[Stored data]

────────────────

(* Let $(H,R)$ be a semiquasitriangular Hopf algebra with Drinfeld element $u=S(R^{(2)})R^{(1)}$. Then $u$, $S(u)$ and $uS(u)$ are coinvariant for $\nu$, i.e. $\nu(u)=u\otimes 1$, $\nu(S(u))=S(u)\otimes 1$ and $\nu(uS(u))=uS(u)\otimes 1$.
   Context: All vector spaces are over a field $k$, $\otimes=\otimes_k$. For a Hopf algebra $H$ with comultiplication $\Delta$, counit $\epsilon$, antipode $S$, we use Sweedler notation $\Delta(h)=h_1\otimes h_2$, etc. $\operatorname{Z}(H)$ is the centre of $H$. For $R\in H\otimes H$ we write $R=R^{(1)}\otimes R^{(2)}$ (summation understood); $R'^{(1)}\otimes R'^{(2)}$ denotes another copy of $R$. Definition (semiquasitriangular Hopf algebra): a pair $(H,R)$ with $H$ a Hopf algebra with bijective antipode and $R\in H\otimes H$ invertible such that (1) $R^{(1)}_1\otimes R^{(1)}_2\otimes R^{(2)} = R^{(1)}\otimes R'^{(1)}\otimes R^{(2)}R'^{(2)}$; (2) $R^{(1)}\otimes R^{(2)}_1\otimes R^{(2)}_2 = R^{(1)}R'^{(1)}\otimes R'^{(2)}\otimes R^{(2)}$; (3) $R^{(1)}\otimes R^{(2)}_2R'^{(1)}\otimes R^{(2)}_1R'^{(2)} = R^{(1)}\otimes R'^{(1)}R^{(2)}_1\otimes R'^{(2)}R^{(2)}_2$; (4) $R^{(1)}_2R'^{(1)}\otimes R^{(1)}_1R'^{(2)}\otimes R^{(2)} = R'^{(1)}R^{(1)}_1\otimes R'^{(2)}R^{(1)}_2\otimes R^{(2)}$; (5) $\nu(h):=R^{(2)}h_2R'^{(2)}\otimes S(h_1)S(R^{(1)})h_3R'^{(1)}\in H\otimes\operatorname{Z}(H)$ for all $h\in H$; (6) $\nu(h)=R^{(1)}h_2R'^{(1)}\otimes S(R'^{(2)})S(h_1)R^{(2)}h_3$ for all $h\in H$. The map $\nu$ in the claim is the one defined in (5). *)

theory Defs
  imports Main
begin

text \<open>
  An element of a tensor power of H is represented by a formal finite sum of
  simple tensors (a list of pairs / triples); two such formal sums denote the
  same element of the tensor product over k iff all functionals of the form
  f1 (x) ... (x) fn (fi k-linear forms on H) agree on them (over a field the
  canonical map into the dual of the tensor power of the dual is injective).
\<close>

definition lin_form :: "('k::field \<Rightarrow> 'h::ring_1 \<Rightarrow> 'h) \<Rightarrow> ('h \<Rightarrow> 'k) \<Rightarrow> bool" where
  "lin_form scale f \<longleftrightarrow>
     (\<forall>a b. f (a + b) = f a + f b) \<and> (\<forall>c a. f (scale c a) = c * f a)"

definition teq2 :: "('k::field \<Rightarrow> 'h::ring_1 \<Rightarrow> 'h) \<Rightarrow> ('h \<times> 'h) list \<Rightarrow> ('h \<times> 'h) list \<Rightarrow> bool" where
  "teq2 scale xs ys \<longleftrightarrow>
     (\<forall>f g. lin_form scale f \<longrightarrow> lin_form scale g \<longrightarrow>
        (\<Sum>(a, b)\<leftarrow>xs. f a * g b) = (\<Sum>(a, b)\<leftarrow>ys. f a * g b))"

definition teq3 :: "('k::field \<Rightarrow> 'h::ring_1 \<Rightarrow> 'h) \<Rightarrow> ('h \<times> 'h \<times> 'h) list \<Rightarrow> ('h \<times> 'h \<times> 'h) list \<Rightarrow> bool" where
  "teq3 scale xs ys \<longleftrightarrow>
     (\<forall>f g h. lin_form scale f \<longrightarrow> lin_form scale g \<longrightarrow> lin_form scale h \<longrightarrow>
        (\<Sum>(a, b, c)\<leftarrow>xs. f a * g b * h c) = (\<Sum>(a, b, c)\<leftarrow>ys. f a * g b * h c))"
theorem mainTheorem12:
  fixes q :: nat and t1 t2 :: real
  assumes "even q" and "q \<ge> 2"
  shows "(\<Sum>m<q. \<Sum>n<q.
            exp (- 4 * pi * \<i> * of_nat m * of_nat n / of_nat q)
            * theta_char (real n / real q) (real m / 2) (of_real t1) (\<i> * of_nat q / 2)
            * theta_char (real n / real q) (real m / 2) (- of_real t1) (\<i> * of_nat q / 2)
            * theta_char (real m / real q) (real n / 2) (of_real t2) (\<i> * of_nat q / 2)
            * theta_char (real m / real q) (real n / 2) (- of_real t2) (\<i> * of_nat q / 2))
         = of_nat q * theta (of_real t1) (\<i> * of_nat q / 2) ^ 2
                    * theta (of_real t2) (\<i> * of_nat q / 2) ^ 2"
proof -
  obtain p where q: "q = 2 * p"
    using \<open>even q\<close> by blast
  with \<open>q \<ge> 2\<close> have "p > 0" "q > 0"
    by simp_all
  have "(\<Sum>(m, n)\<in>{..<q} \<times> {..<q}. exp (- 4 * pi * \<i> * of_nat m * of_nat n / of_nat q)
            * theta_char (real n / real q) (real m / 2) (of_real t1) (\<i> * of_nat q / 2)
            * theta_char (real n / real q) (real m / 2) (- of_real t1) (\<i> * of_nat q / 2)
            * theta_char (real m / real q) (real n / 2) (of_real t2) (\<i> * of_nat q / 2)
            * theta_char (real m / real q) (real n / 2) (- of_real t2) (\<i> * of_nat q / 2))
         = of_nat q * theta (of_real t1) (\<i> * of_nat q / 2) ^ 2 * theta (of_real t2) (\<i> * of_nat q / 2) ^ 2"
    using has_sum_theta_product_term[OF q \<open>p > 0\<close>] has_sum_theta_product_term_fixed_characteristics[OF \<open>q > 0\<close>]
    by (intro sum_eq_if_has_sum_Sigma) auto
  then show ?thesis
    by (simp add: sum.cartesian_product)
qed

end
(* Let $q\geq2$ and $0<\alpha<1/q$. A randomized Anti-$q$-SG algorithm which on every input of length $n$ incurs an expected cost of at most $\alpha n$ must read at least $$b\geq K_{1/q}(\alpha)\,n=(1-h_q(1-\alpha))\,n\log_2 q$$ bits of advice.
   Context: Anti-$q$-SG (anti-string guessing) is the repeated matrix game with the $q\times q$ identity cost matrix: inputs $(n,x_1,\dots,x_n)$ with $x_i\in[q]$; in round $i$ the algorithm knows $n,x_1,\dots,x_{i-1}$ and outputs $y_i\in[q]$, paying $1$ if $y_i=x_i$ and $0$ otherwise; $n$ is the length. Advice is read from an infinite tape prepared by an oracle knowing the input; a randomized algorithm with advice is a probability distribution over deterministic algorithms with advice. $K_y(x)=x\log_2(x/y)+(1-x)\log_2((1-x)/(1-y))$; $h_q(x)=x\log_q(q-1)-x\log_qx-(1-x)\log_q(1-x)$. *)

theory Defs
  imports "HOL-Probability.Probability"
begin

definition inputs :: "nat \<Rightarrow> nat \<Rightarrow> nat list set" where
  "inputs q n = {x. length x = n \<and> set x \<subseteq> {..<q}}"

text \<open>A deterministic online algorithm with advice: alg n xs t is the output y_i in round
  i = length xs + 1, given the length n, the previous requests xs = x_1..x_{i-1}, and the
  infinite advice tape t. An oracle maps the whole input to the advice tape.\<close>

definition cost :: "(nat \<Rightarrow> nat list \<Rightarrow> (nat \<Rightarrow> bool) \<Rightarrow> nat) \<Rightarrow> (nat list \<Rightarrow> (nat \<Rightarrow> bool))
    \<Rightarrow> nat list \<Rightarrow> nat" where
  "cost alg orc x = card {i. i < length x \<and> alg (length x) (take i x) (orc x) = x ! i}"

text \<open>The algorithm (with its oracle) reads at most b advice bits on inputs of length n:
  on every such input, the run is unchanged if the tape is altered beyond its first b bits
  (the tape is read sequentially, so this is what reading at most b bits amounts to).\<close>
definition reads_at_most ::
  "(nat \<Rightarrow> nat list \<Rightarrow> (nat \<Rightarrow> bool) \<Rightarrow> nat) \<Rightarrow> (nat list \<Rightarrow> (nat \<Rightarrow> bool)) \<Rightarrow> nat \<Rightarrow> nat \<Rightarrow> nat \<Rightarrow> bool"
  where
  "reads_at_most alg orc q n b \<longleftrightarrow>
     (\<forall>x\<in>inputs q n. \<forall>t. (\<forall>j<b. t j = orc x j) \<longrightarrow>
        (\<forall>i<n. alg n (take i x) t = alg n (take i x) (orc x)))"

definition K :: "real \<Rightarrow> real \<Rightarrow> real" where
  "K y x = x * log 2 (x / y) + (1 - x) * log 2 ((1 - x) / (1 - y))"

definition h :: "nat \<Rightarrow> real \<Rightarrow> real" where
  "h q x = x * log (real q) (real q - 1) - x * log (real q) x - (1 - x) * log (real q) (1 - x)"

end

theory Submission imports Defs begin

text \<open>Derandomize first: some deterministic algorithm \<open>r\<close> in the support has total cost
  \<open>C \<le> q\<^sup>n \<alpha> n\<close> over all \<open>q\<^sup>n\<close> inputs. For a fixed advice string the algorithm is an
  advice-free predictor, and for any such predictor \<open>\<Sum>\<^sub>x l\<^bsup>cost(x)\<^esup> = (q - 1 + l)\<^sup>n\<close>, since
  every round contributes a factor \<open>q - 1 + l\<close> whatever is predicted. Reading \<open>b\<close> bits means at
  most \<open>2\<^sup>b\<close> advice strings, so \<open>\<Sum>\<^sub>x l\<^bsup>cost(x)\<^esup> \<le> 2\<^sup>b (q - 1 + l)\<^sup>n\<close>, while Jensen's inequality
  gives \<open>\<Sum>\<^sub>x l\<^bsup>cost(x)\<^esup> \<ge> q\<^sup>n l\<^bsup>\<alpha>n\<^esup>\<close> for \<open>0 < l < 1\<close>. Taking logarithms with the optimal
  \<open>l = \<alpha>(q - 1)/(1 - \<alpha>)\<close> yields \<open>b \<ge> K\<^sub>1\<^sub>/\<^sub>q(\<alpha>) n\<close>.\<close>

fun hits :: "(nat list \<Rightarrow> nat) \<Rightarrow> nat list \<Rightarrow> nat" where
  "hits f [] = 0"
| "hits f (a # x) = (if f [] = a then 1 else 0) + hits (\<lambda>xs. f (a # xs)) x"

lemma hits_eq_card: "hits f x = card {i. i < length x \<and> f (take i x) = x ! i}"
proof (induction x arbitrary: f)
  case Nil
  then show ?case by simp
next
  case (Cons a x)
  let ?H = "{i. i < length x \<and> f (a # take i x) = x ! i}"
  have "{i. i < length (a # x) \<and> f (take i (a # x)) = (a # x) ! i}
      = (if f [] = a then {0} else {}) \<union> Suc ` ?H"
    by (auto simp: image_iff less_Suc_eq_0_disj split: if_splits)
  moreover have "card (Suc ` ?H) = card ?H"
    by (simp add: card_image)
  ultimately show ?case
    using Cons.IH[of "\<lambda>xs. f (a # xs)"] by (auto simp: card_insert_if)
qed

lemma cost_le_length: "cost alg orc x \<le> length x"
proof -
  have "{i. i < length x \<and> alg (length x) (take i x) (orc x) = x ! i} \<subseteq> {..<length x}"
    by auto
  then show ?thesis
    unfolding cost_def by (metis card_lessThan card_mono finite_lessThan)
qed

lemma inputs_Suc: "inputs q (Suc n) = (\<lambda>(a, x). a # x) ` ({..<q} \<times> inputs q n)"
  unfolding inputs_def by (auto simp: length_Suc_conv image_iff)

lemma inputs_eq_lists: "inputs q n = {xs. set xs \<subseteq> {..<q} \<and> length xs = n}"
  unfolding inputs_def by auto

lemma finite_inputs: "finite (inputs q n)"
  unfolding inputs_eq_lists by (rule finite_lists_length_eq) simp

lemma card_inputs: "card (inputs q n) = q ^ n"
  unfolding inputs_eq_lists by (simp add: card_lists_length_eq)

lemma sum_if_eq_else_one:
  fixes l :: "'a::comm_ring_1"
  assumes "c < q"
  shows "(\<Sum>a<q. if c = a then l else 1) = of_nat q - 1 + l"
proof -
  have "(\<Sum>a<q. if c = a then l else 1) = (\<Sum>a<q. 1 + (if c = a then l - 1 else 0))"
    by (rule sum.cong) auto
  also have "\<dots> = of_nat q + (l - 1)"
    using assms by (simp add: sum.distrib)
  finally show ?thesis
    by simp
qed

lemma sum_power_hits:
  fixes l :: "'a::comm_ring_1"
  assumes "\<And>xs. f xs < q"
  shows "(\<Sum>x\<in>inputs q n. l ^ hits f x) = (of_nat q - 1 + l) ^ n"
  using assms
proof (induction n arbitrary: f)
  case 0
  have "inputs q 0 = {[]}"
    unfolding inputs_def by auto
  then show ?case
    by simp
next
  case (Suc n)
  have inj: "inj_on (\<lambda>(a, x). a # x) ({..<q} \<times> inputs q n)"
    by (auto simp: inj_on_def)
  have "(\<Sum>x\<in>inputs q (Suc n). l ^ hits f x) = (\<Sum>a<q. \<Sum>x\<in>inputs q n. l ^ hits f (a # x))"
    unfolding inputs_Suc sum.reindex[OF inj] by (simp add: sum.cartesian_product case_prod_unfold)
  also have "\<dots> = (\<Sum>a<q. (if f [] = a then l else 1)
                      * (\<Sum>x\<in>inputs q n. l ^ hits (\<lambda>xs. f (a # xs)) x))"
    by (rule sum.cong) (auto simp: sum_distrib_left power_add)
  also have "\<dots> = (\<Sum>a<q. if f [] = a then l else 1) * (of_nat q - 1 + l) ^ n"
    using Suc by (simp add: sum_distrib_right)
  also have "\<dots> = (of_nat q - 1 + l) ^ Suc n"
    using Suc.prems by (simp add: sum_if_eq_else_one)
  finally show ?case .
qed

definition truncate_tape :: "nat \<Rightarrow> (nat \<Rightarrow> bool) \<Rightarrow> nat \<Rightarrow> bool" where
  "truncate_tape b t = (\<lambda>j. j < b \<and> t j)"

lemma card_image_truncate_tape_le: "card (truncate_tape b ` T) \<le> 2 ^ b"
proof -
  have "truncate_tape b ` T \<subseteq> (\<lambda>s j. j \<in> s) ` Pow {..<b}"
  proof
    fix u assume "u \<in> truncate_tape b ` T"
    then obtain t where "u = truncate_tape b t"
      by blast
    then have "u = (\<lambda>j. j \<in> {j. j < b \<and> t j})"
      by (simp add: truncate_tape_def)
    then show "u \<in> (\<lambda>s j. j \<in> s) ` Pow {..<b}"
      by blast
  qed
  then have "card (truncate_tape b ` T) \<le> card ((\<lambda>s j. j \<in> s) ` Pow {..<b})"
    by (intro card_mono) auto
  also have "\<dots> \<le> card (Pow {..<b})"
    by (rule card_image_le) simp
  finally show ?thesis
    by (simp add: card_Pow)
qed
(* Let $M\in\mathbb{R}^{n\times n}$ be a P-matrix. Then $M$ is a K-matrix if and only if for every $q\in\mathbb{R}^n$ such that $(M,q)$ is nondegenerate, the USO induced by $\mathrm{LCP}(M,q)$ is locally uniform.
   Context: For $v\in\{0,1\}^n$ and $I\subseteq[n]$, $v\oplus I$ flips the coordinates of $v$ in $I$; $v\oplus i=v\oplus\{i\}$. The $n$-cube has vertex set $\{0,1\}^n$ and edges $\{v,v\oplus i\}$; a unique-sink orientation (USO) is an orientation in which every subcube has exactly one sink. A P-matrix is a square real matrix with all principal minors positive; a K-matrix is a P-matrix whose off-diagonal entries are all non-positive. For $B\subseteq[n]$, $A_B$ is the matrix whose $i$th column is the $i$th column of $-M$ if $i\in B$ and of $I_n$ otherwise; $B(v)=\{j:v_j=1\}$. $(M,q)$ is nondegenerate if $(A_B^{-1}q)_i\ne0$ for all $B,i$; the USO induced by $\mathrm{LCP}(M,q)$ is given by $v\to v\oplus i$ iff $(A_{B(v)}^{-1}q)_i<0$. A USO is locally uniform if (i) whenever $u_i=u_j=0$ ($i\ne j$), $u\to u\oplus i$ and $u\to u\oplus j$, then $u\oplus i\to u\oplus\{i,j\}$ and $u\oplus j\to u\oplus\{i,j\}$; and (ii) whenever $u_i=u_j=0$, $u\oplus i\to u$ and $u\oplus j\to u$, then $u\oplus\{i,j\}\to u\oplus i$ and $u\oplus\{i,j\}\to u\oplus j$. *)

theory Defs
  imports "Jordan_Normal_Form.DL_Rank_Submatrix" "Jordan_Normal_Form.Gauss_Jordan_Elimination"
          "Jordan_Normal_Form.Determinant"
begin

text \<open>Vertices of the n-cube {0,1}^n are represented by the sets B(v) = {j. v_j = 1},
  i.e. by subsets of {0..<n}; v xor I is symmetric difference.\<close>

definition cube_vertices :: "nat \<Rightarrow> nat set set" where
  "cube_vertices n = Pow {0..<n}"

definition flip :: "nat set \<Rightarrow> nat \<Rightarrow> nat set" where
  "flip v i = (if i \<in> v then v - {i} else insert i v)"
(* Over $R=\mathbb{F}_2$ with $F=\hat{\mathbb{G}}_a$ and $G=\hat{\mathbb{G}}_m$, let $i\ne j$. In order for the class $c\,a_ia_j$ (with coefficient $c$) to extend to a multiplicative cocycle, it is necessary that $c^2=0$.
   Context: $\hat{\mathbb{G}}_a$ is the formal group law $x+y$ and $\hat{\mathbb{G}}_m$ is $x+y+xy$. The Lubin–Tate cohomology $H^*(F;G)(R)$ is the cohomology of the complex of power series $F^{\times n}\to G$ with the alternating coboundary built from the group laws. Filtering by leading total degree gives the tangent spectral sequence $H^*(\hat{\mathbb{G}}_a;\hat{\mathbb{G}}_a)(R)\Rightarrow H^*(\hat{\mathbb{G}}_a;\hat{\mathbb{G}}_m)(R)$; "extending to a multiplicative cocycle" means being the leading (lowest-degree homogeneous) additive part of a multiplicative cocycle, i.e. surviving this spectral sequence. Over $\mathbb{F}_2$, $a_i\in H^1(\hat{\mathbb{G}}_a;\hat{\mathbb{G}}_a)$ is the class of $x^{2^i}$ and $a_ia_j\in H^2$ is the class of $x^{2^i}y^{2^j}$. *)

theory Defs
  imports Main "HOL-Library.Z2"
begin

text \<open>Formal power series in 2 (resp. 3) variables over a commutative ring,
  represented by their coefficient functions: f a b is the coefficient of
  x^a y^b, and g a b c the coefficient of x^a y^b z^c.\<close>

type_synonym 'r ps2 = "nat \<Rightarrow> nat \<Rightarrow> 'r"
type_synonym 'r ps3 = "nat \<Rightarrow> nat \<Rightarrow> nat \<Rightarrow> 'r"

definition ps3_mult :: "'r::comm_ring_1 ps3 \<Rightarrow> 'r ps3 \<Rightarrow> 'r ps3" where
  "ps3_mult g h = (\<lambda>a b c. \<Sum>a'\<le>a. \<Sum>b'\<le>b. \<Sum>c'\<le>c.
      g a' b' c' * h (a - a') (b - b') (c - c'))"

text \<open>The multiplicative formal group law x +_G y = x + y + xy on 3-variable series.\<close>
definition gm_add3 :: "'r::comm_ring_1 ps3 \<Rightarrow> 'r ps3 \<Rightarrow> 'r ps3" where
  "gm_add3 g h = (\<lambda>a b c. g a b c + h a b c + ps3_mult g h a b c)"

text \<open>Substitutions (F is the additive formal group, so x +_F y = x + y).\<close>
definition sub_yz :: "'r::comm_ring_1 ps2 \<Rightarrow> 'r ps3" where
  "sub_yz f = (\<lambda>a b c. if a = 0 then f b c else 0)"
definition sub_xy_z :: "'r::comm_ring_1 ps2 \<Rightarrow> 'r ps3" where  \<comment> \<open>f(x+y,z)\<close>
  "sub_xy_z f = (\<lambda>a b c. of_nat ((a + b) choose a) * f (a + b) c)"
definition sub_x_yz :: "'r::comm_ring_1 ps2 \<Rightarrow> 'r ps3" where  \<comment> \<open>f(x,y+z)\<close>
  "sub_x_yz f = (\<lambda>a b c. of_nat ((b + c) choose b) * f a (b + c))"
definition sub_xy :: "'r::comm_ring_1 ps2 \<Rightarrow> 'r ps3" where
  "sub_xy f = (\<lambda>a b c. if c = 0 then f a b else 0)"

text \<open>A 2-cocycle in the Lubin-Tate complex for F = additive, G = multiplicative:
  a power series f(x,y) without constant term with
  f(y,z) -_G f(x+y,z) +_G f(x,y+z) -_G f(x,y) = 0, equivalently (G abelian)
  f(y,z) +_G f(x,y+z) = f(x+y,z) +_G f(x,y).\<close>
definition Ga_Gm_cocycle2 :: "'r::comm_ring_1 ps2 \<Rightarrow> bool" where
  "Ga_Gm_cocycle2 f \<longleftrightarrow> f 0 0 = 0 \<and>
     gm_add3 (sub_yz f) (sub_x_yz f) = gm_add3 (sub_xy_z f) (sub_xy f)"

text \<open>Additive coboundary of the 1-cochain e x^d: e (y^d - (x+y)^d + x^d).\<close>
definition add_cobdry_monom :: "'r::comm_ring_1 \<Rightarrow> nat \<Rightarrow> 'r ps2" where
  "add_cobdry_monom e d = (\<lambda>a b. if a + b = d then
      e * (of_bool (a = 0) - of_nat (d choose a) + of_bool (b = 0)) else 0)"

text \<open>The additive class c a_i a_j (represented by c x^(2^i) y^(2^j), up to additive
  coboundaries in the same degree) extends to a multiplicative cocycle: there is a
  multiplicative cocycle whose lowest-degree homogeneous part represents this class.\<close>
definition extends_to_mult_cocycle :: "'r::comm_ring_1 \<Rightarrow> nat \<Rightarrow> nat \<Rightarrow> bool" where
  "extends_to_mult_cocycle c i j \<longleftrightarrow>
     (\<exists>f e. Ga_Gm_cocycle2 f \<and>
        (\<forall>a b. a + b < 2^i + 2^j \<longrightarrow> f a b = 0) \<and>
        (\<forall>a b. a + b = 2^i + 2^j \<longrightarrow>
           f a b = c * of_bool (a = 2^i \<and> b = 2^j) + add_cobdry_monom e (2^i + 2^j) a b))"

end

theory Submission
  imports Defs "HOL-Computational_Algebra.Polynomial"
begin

────────────────

#### TRY IT
Once the line with "coboundaries in the" is found in the records above, print exactly that line and every line after it through the line with "(\<forall>a b. a + b = 2^i".

#### TASK RESULT
  coboundaries in the same degree) extends to a multiplicative cocycle: there is a
  multiplicative cocycle whose lowest-degree homogeneous part represents this class.\<close>
definition extends_to_mult_cocycle :: "'r::comm_ring_1 \<Rightarrow> nat \<Rightarrow> nat \<Rightarrow> bool" where
  "extends_to_mult_cocycle c i j \<longleftrightarrow>
     (\<exists>f e. Ga_Gm_cocycle2 f \<and>
        (\<forall>a b. a + b < 2^i + 2^j \<longrightarrow> f a b = 0) \<and>
        (\<forall>a b. a + b = 2^i + 2^j \<longrightarrow>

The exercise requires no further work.